Every line below that carries the word "ereal" needs to be copied.

[Saved entries]
· · ·
(* Let $\mathbb{K}$ be a field, let $A\in\mathbb{K}[x]^{m\times n}$ have full rank $m\le n$, let $s\in\mathbb{Z}^n$, let $P\in\mathbb{K}[x]^{m\times n}$ be the $s$-Popov form of $A$, and let $\pi=\rho_s(A)$ be the $s$-pivot index of $P$. Then $A_{*,\pi}\in\mathbb{K}[x]^{m\times m}$ is nonsingular, $P_{*,\pi}$ is its $s_\pi$-Popov form, and $U=P_{*,\pi}A_{*,\pi}^{-1}\in\mathbb{K}[x]^{m\times m}$ is the unique unimodular matrix such that $UA=P$. Furthermore: (i) $\deg(P)\le\deg(A)+\mathrm{amp}(s)$; (ii) for $1\le i\le m$, the $i$th column of $U$ has degree at most $|\mathrm{rdeg}(A)|-\deg(A_{i,*})$; (iii) $\deg(U)\le|\mathrm{cdeg}(A_{*,\pi})|$; (iv) $\deg(P)\le\min(|\mathrm{rdeg}(A)|,|\mathrm{cdeg}(A')|)\le m\deg(A)$, where $A'$ is $A$ with its zero columns removed.
   Context: For a tuple $t=(t_1,\dots,t_k)$, $|t|=t_1+\dots+t_k$ and $\mathrm{amp}(t)=\max(t)-\min(t)$. $\mathrm{rdeg}(M)$ and $\mathrm{cdeg}(M)$ are the tuples of row degrees and column degrees of $M$; $\deg(M)$ is the maximum degree of its entries; $A_{i,*}$ is the $i$th row, $A_{*,J}$ the submatrix of columns indexed by the tuple $J$, and $s_J$ the corresponding subtuple of $s$. A square polynomial matrix is unimodular if it has an inverse with polynomial entries. For a shift $s\in\mathbb{Z}^n$ and a nonzero row $p=[p_1,\dots,p_n]\in\mathbb{K}[x]^{1\times n}$, the $s$-degree is $\max_j(\deg(p_j)+s_j)$, the $s$-pivot index is the largest $j$ with $\deg(p_j)+s_j$ equal to the $s$-degree, and $p_j$ is the $s$-pivot entry. A matrix $P\in\mathbb{K}[x]^{k\times n}$ is in $s$-Popov form if it has no zero row, the $s$-pivot indices of its rows are strictly increasing, its $s$-pivot entries are monic, and in each column containing an $s$-pivot entry all other entries have degree strictly less than that $s$-pivot entry. The $s$-Popov form of a matrix $A$ of rank $r$ is the unique matrix in $\mathbb{K}[x]^{r\times n}$ in $s$-Popov form whose rows generate the same $\mathbb{K}[x]$-module as those of $A$; $\rho_s(A)$, the $s$-pivot support of $A$, is the tuple of $s$-pivot indices of the rows of this form. *)

theory Defs
  imports "Jordan_Normal_Form.Determinant" "HOL-Computational_Algebra.Polynomial"
          "HOL-Library.Extended_Real"
begin

text \<open>Polynomial matrices are Jordan_Normal_Form matrices of type 'a poly mat
  (indices are 0-based). Degrees take values in ereal, with the degree of the
  zero polynomial (and the maximum over an empty set) equal to minus infinity.\<close>

definition pdeg :: "'a::zero poly \<Rightarrow> ereal" where
  "pdeg p = (if p = 0 then -\<infinity> else ereal (real (degree p)))"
· · ·
*FINISHED TASK*:
  (indices are 0-based). Degrees take values in ereal, with the degree of the
definition pdeg :: "'a::zero poly \<Rightarrow> ereal" where
  "pdeg p = (if p = 0 then -\<infinity> else ereal (real (degree p)))"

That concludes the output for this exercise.